It also offers 1 year LLM program. (started w.e.f. session 2020-2021)

== Admissions ==
Admission is on the basis of JEE-Mains (formerly AIEEE). Candidates with JEE-Mains Scorecard have to apply for JAC, Chandigarh counselling to get admission in the UIET. The candidates having compartment in 10+2 examination held in the current year are not eligible for admission.

MCA and LLB/B.A.LL.B admissions are through the PU CET test merits.

== Training and Placement Cell ==
PUSSGRC has a training and placement program headed by Dr. Vrajesh Sharma. The program operates training and placement activities that are undertaken by teacher and student coordinators. Students from all departments are selected through personal interviews conducted by the faculty members of the cell. Besides opening job avenues for the students, the cell ensures that students are well equipped to meet the requirements of the industry. The joint placements are also conducted by the Central Placement Cell and UIET, Panjab University Chandigarh for the students of this campus in Chandigarh.

Students have found posts in firms such as Birlasoft, Infosys, Accenture, Igate Patni, Dell, Infogain, Nucleus Software, Wipro, Ambuja Cement, IBM, Mahindra & Mahindra, Sml Isuzu, Sonalika International Tractors, Josh Technologies Group (JTG), Larsen & Toubro Limited (L&T), Penthara Technologies, Intellipaat, Cognizant, HashedIn, Unthinkable Solutions, Alert En-terprises, Quark, TT Consultants, Auxilobits, Growth Natives, McKinley Rice and many more.
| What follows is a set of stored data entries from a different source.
(* Let $\mathbf X_1,\dots,\mathbf X_n$ be i.i.d. copies of $\mathbf X\in\mathbb R^d$ with $K_{\mathbf X}=\sup_j\|X_j\|_{\psi_2}<\infty$, $\boldsymbol\Sigma_{\mathbf X}=\mathbb E\mathbf X\mathbf X^T$, $\boldsymbol\Sigma_n=n^{-1}\sum_i\mathbf X_i\mathbf X_i^T$, and let $\bar c$ be the universal constant for which $\mathbb P(\|\boldsymbol\Sigma_n-\boldsymbol\Sigma_{\mathbf X}\|_{\max}>4A_XK_{\mathbf X}^2\sqrt{\log d/n})\le2d^{2-\bar cA_X^2}$ for every constant $A_X>0$ with $A_X\sqrt{\log d/n}\le1$. Fix such an $A_X$ and $0<\kappa<1$. Assume $\lambda_{\min}(\boldsymbol\Sigma_{\mathbf X})>\delta>0$, $s_{\mathbf v}\sqrt{\log d/n}\le(1-\kappa)\frac{\lambda_{\min}(\boldsymbol\Sigma_{\mathbf X})}{(1+1)^2\,4A_XK_{\mathbf X}^2}$ and $\lambda'\ge\|\mathbf v^*\|_14A_XK_{\mathbf X}^2\sqrt{\log d/n}$. Then with probability at least $1-2d^{2-\bar cA_X^2}$, $\|\hat{\mathbf v}-\mathbf v^*\|_1\le\frac{8\lambda's_{\mathbf v}}{\mathrm{RE}_\kappa(s_{\mathbf v},1)}$; additionally $\|\hat{\mathbf v}_{S_{\mathbf v}^c}-\mathbf v^*_{S_{\mathbf v}^c}\|_1\le\|\hat{\mathbf v}_{S_{\mathbf v}}-\mathbf v^*_{S_{\mathbf v}}\|_1$.
   Context: $\mathbf v^*=\boldsymbol\Sigma_{\mathbf X}^{-1}\mathbf e_1^T$, $S_{\mathbf v}=\mathrm{supp}(\mathbf v^* )$, $s_{\mathbf v}=|S_{\mathbf v}|$. $\hat{\mathbf v}=\arg\min\|\mathbf v\|_1$ subject to $\|\mathbf v^T\boldsymbol\Sigma_n-\mathbf e_1\|_\infty\le\lambda'$, with $\mathbf e_1=(1,0,\dots,0)$. For a vector $\mathbf u$ and index set $S$, $\mathbf u_S$ is the subvector on $S$. Restricted eigenvalue: for symmetric positive semidefinite $\mathbf M\in\mathbb R^{d\times d}$, $\mathrm{RE}_{\mathbf M}(s,\xi)=\min_{|S|\le s}\min\{\mathbf u^T\mathbf M\mathbf u/\|\mathbf u_S\|_2^2:\mathbf u\ne0,\|\mathbf u_{S^c}\|_1\le\xi\|\mathbf u_S\|_1\}$, and $\mathrm{RE}_\kappa(s,\xi)=\kappa\,\mathrm{RE}_{\boldsymbol\Sigma_{\mathbf X}}(s,\xi)$. $\|X\|_{\psi_2}=\sup_{p\ge1}p^{-1/2}(\mathbb E|X|^p)^{1/p}$. *)

theory Defs
  imports "HOL-Probability.Probability"
begin

text \<open>Conventions: vectors in R^d are functions nat => real, coordinates 0..d-1
  (coordinate 0 plays the role of the first coordinate e_1); d x d matrices are
  functions nat => nat => real with indices below d.\<close>

definition e1 :: "nat \<Rightarrow> real" where
  "e1 k = (if k = 0 then 1 else 0)"

definition l1norm :: "nat \<Rightarrow> (nat \<Rightarrow> real) \<Rightarrow> real" where
  "l1norm d v = (\<Sum>k<d. \<bar>v k\<bar>)"

definition supvec :: "nat \<Rightarrow> (nat \<Rightarrow> real) \<Rightarrow> bool" where
  "supvec d v \<longleftrightarrow> (\<forall>k\<ge>d. v k = 0)"

definition max_norm :: "nat \<Rightarrow> (nat \<Rightarrow> nat \<Rightarrow> real) \<Rightarrow> real" where
  "max_norm d A = Max ({\<bar>A k l\<bar> | k l. k < d \<and> l < d} \<union> {0})"

definition mat_inv :: "nat \<Rightarrow> (nat \<Rightarrow> nat \<Rightarrow> real) \<Rightarrow> (nat \<Rightarrow> nat \<Rightarrow> real)" where
  "mat_inv d A = (THE B.
      (\<forall>i<d. \<forall>j<d. (\<Sum>k<d. A i k * B k j) = (if i = j then 1 else 0)) \<and>
      (\<forall>i<d. \<forall>j<d. (\<Sum>k<d. B i k * A k j) = (if i = j then 1 else 0)) \<and>
      (\<forall>i j. \<not> (i < d \<and> j < d) \<longrightarrow> B i j = 0))"

definition mat_eigenvalues :: "nat \<Rightarrow> (nat \<Rightarrow> nat \<Rightarrow> real) \<Rightarrow> real set" where
  "mat_eigenvalues d A = {\<mu>. \<exists>v. (\<exists>j<d. v j \<noteq> 0) \<and>
      (\<forall>k<d. (\<Sum>l<d. A k l * v l) = \<mu> * v k)}"

definition lambda_min :: "nat \<Rightarrow> (nat \<Rightarrow> nat \<Rightarrow> real) \<Rightarrow> real" where
  "lambda_min d A = Min (mat_eigenvalues d A)"

definition quad_form :: "nat \<Rightarrow> (nat \<Rightarrow> nat \<Rightarrow> real) \<Rightarrow> (nat \<Rightarrow> real) \<Rightarrow> real" where
  "quad_form d A u = (\<Sum>k<d. \<Sum>l<d. u k * A k l * u l)"

definition RE :: "nat \<Rightarrow> (nat \<Rightarrow> nat \<Rightarrow> real) \<Rightarrow> nat \<Rightarrow> real \<Rightarrow> real" where
  "RE d A s \<xi> = Inf {quad_form d A u / (\<Sum>k\<in>S. (u k)\<^sup>2) | S u.
      S \<subseteq> {..<d} \<and> card S \<le> s \<and> supvec d u \<and> (\<exists>k<d. u k \<noteq> 0) \<and>
      (\<Sum>k\<in>{..<d} - S. \<bar>u k\<bar>) \<le> \<xi> * (\<Sum>k\<in>S. \<bar>u k\<bar>)}"

definition psi2_norm :: "'a measure \<Rightarrow> ('a \<Rightarrow> real) \<Rightarrow> ereal" where
  "psi2_norm M Y = (if \<forall>p\<ge>1. integrable M (\<lambda>x. \<bar>Y x\<bar> powr p)
     then (SUP p\<in>{1::real..}. ereal (p powr (-1/2) *
             (integral\<^sup>L M (\<lambda>x. \<bar>Y x\<bar> powr p)) powr (1/p)))
     else \<infinity>)"

definition sample_cov :: "nat \<Rightarrow> (nat \<Rightarrow> nat \<Rightarrow> 'a \<Rightarrow> real) \<Rightarrow> 'a \<Rightarrow> nat \<Rightarrow> nat \<Rightarrow> real" where
  "sample_cov n X \<omega> k l = (1 / real n) * (\<Sum>i<n. X i k \<omega> * X i l \<omega>)"

definition clime_feasible :: "nat \<Rightarrow> (nat \<Rightarrow> nat \<Rightarrow> real) \<Rightarrow> real \<Rightarrow> (nat \<Rightarrow> real) \<Rightarrow> bool" where
  "clime_feasible d Sn lam v \<longleftrightarrow> supvec d v \<and>
     (\<forall>j<d. \<bar>(\<Sum>k<d. v k * Sn k j) - e1 j\<bar> \<le> lam)"

definition clime_minimizer :: "nat \<Rightarrow> (nat \<Rightarrow> nat \<Rightarrow> real) \<Rightarrow> real \<Rightarrow> (nat \<Rightarrow> real) \<Rightarrow> bool" where
  "clime_minimizer d Sn lam v \<longleftrightarrow> clime_feasible d Sn lam v \<and>
     (\<forall>w. clime_feasible d Sn lam w \<longrightarrow> l1norm d v \<le> l1norm d w)"

end

theory Submission
  imports Defs "Jordan_Normal_Form.Char_Poly"
begin

text \<open>On the event that all entries of Sigma_n - Sigma_X are at most t in absolute value, whose
  probability is controlled by the hypothesis on cbar, the argument is deterministic. Since
  v*' Sigma_n - e_1 = v*' (Sigma_n - Sigma_X), the true v* is feasible, so the minimiser vhat is no
  longer than v* in l1-norm and the error h = vhat - v* lies in the cone |h_S^c|_1 \<le> |h_S|_1.
  Both vectors being feasible, every entry of h' Sigma_n is at most 2\<lambda>', hence
  h' Sigma_X h \<le> 2\<lambda>' |h|_1 + t |h|_1^2. On the cone the left side is at least
  RE |h_S|_2^2 \<ge> RE |h_S|_1^2 / s, and the sparsity assumption absorbs the t-term into
  (1 - \<kappa>) RE |h_S|_1^2, leaving \<kappa> RE |h_S|_1 \<le> 4\<lambda>' s.
  Positivity of RE and invertibility of Sigma_X rest on the Rayleigh bound
  u' Sigma_X u \<ge> lambda_min |u|_2^2, which holds because a minimiser of the quadratic form on the
  unit sphere is an eigenvector.\<close>

definition sqnorm :: "nat \<Rightarrow> (nat \<Rightarrow> real) \<Rightarrow> real" where
  "sqnorm d w = (\<Sum>k<d. (w k)\<^sup>2)"

lemma sqnorm_nonneg: "sqnorm d w \<ge> 0"
  unfolding sqnorm_def by (intro sum_nonneg) auto

lemma sqnorm_eq_0D: "sqnorm d w = 0 \<Longrightarrow> k < d \<Longrightarrow> w k = 0"
  unfolding sqnorm_def by (subst (asm) sum_nonneg_eq_0_iff) auto

lemma sqnorm_divide: "sqnorm d (\<lambda>k. w k / c) = sqnorm d w / c\<^sup>2"
  unfolding sqnorm_def by (simp add: sum_divide_distrib power_divide)

lemma sqnorm_restrict: "sqnorm d (\<lambda>k. if k < d then w k else 0) = sqnorm d w"
  unfolding sqnorm_def by (intro sum.cong refl) auto

lemma sqnorm_add_scaled:
  "sqnorm d (\<lambda>k. u k + c * w k) = sqnorm d u + 2 * c * (\<Sum>k<d. u k * w k) + c\<^sup>2 * sqnorm d w"
proof -
  have "sqnorm d (\<lambda>k. u k + c * w k) = (\<Sum>k<d. (u k)\<^sup>2 + 2 * c * (u k * w k) + c\<^sup>2 * (w k)\<^sup>2)"
    unfolding sqnorm_def by (intro sum.cong refl) (simp add: algebra_simps power2_eq_square)
  thus ?thesis unfolding sqnorm_def by (simp add: sum.distrib sum_distrib_left)
qed

lemma quad_form_eq_sum_mult: "quad_form d A w = (\<Sum>k<d. w k * (\<Sum>l<d. A k l * w l))"
  unfolding quad_form_def by (simp add: sum_distrib_left mult.assoc)

lemma quad_form_eq_0: "(\<And>k. k < d \<Longrightarrow> w k = 0) \<Longrightarrow> quad_form d A w = 0"
  unfolding quad_form_def by simp

lemma quad_form_divide: "quad_form d A (\<lambda>k. w k / c) = quad_form d A w / c\<^sup>2"
  unfolding quad_form_def by (simp add: sum_divide_distrib power2_eq_square)

lemma quad_form_restrict: "quad_form d A (\<lambda>k. if k < d then w k else 0) = quad_form d A w"
  unfolding quad_form_def by (intro sum.cong refl) auto

lemma quad_form_add_scaled:
  assumes sym: "\<And>k l. A k l = A l k"
  shows "quad_form d A (\<lambda>k. u k + c * w k) = quad_form d A u
     + 2 * c * (\<Sum>k<d. \<Sum>l<d. u k * A k l * w l) + c\<^sup>2 * quad_form d A w"
proof -
  have swap: "(\<Sum>k<d. \<Sum>l<d. w k * A k l * u l) = (\<Sum>k<d. \<Sum>l<d. u k * A k l * w l)"
    by (subst sum.swap) (simp add: sym mult.commute mult.left_commute)
  have "quad_form d A (\<lambda>k. u k + c * w k) =
     (\<Sum>k<d. \<Sum>l<d. u k * A k l * u l + c * (u k * A k l * w l) + c * (w k * A k l * u l)
        + c\<^sup>2 * (w k * A k l * w l))"
    unfolding quad_form_def by (intro sum.cong refl) (simp add: algebra_simps power2_eq_square)
  also have "\<dots> = quad_form d A u + c * (\<Sum>k<d. \<Sum>l<d. u k * A k l * w l)
      + c * (\<Sum>k<d. \<Sum>l<d. w k * A k l * u l) + c\<^sup>2 * quad_form d A w"
    unfolding quad_form_def by (simp add: sum.distrib sum_distrib_left)
  finally show ?thesis using swap by (simp add: algebra_simps)
qed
== Student Welfare Society (SWS) ==
The Students Welfare Society (SWS) is headed by Student Welfare Incharge who holds responsibility for various extra-curricular and cultural activities in the campus. SWS organized events such as guest lectures, sports meets, annual festival, etc. Successful events included AAROHAN 2009, AAROHAN 2010, ANANT 2011, ANANT 2012 and ANANT 2K13. The SWS also provides funds for the bus facility to the students for placements.

== Events & Fests ==
=== Aequitas 2024 ===
Aequitas'24 was a national law and cultural fest organized from 15 to 17 February 2024. The event aimed to promote legal awareness, cultural expression, and practical skills among students. It featured multiple competitions including Moot Court, Client Counseling, Judgment Writing, Debate, Quiz, Theatre, Fashion Show, Group Dance, and Talent Hunt. The fest also hosted a cultural night headlined by Punjabi singer Khan Bhaini.

=== Aequitas 2020 ===
Aequitas'20 was the first-ever integrated Law and Cultural Fest organized by the PUSSGRC, Hoshiarpur. The three-day event marked a rare collaboration between legal and cultural competitions, providing a platform for budding lawyers to showcase their skills and creativity. The fest featured law events such as the National Moot Court Competition, National Client Counseling Competition and National Judgment Writing Competition, along with literary and cultural events including Diplomatic Swings, Nukkad Natak, Talent Hunt and a Bhangra Battle. The event was inaugurated by BJP National Vice-President and former Rajya Sabha MP Avinash Rai Khanna. Punjabi singer Amrit Maan was the star performer at the cultural evening.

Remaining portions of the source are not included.